Dataset items

(* Let $r\in\mathbb{N}$ (so $n=r$), $\alpha>0$, $x_j=(j-1)/n$ and $c_j=x_j^\alpha$ for $j=1,\dots,n+1$. For $\lambda\ge 0$ let $m_j(\lambda)=e^{-\lambda c_j}/z(\lambda)$ with $z(\lambda)=\sum_{k=1}^{n+1}e^{-\lambda c_k}$, and $p_X^{\lambda}=\sum_{j=1}^{n+1}m_j(\lambda)\delta_{x_j}$. Then: (i) for every $\lambda\ge 0$, $i(x_j;p_X^{\lambda})=I(p_X^{\lambda})+\lambda\,\bigl(c_j-\mathbb{E}_{p_X^\lambda}[c(X)]\bigr)$ for all $j=1,\dots,n+1$; (ii) the function $\lambda\mapsto \mathbb{E}_{p_X^{\lambda}}[c(X)]=\sum_j m_j(\lambda)c_j$ satisfies $\frac{d}{d\lambda}\mathbb{E}_{p_X^{\lambda}}[c(X)]=-\mathrm{Var}_{p_X^{\lambda}}(c(X))<0$ on $[0,\infty)$, equals $\bar c^\ast$ at $\lambda=0$ and tends to $0$ as $\lambda\to\infty$. Consequently, for every $\bar c\in(0,\bar c^{\ast}]$ there is a unique $\lambda^{\ast}\ge 0$ with $\mathbb{E}_{p_X^{\lambda^\ast}}[c(X)]=\bar c$, and $p_X^{\lambda^\ast}$ satisfies $i(x;p_X^{\lambda^\ast})=I(p_X^{\lambda^\ast})+\lambda^\ast(c(x)-\bar c)$ for all $x$ in its support.
   Context: Fix $b>0$ and set $r:=1/(2b)$, $n:=\lfloor r\rfloor$. Consider the additive uniform noise channel $Y=X+N$ with $N\sim\mathrm{Uniform}(-b,b)$ independent of $X$, so the transition density is $p_N(y\mid x)=r\,\mathbf{1}_{x-b<y<x+b}$. Admissible inputs are probability distributions $p_X$ on $[0,1]$. For such $p_X$ the output density is $p_Y(y;p_X)=\int p_N(y\mid x)\,dp_X(x)$, the marginal information density is $i(x;p_X)=\int p_N(y\mid x)\log\frac{p_N(y\mid x)}{p_Y(y;p_X)}\,dy\in[0,\infty]$, and $I(p_X)=\int i(x;p_X)\,dp_X(x)$ is the mutual information. The cost function is $c(x)=x^{\alpha}$. For $r\in\mathbb{N}$ the critical cost is $\bar c^\ast:=\frac{1}{n+1}\sum_{j=1}^{n+1}x_j^\alpha$ with $x_j=(j-1)/n$ (the expected cost under the capacity-achieving input without cost constraint, which is uniform on $\{x_1,\dots,x_{n+1}\}$). *)

theory Defs
  imports "HOL-Probability.Probability"
begin

text \<open>Additive uniform noise channel Y = X + N, N ~ Uniform(-b,b), r = 1/(2b).\<close>

definition pN :: "real \<Rightarrow> real \<Rightarrow> real \<Rightarrow> real" where
  "pN b y x = (1 / (2 * b)) * (if x - b < y \<and> y < x + b then 1 else 0)"

definition pY :: "real \<Rightarrow> real measure \<Rightarrow> real \<Rightarrow> real" where
  "pY b P y = (\<integral>x. pN b y x \<partial>P)"

text \<open>Marginal information density i(x;P) with values in [0,\<infinity>]; the integrand
  pN log(pN/pY) is taken as 0 where pN = 0 and as \<infinity> where pN > 0 = pY.\<close>
definition info_dens :: "real \<Rightarrow> real measure \<Rightarrow> real \<Rightarrow> ennreal" where
  "info_dens b P x =
     (\<integral>\<^sup>+ y. (if pN b y x = 0 then 0
               else if pY b P y = 0 then \<infinity>
               else ennreal (pN b y x * ln (pN b y x / pY b P y))) \<partial>lborel)"

definition mutual_info :: "real \<Rightarrow> real measure \<Rightarrow> ennreal" where
  "mutual_info b P = (\<integral>\<^sup>+ x. info_dens b P x \<partial>P)"

definition cost :: "real \<Rightarrow> real \<Rightarrow> real" where
  "cost \<alpha> x = x powr \<alpha>"

definition xpt :: "nat \<Rightarrow> nat \<Rightarrow> real" where
  "xpt n j = real (j - 1) / real n"

definition zfun :: "nat \<Rightarrow> real \<Rightarrow> real \<Rightarrow> real" where
  "zfun n \<alpha> l = (\<Sum>k\<in>{1..n+1}. exp (- l * cost \<alpha> (xpt n k)))"

definition mw :: "nat \<Rightarrow> real \<Rightarrow> real \<Rightarrow> nat \<Rightarrow> real" where
  "mw n \<alpha> l j = exp (- l * cost \<alpha> (xpt n j)) / zfun n \<alpha> l"

definition pX_lam :: "nat \<Rightarrow> real \<Rightarrow> real \<Rightarrow> real pmf" where
  "pX_lam n \<alpha> l = embed_pmf (\<lambda>x. \<Sum>j\<in>{1..n+1}. if x = xpt n j then mw n \<alpha> l j else 0)"

definition cbar_star :: "nat \<Rightarrow> real \<Rightarrow> real" where
  "cbar_star n \<alpha> = (1 / real (n + 1)) * (\<Sum>j\<in>{1..n+1}. cost \<alpha> (xpt n j))"

end

theory Submission
  imports Defs
begin

text \<open>The mass points \<open>x\<^sub>j = (j-1)/n\<close> are \<open>1/n = 2b\<close> apart, so the noise windows
  \<open>(x\<^sub>j - b, x\<^sub>j + b)\<close> are disjoint and the output reveals the input: on the \<open>j\<close>-th window
  \<open>p\<^sub>Y = m\<^sub>j/(2b)\<close>, the information density at \<open>x\<^sub>j\<close> is the self-information \<open>-ln m\<^sub>j\<close>, and
  \<open>I\<close> is the entropy of the weights. For Gibbs weights \<open>m\<^sub>j \<propto> exp (-\<lambda> c\<^sub>j)\<close> one has
  \<open>-ln m\<^sub>j = \<lambda> c\<^sub>j + ln z(\<lambda>)\<close>, and averaging gives (i). Part (ii) is the exponential-family
  identity \<open>E' = -Var\<close>; the variance is positive because \<open>c\<^sub>1 = 0 < c\<^sub>2\<close>, so \<open>E\<close> decreases
  strictly from the uniform average \<open>c\<^sup>*\<close> at \<open>\<lambda> = 0\<close> to \<open>0\<close>, the cost of \<open>x\<^sub>1\<close>, where the mass
  concentrates as \<open>\<lambda> \<rightarrow> \<infinity>\<close>; the intermediate value theorem yields \<open>\<lambda>\<^sup>*\<close>.\<close>

section \<open>Gibbs distributions on a finite set\<close>

definition partition_fun :: "'a set \<Rightarrow> ('a \<Rightarrow> real) \<Rightarrow> real \<Rightarrow> real" where
  "partition_fun I c l = (\<Sum>j\<in>I. exp (- l * c j))"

* Instructions for the task
Which lines above include the word "Gibbs"? Return each one.

* Written answer
  \<open>I\<close> is the entropy of the weights. For Gibbs weights \<open>m\<^sub>j \<propto> exp (-\<lambda> c\<^sub>j)\<close> one has
section \<open>Gibbs distributions on a finite set\<close>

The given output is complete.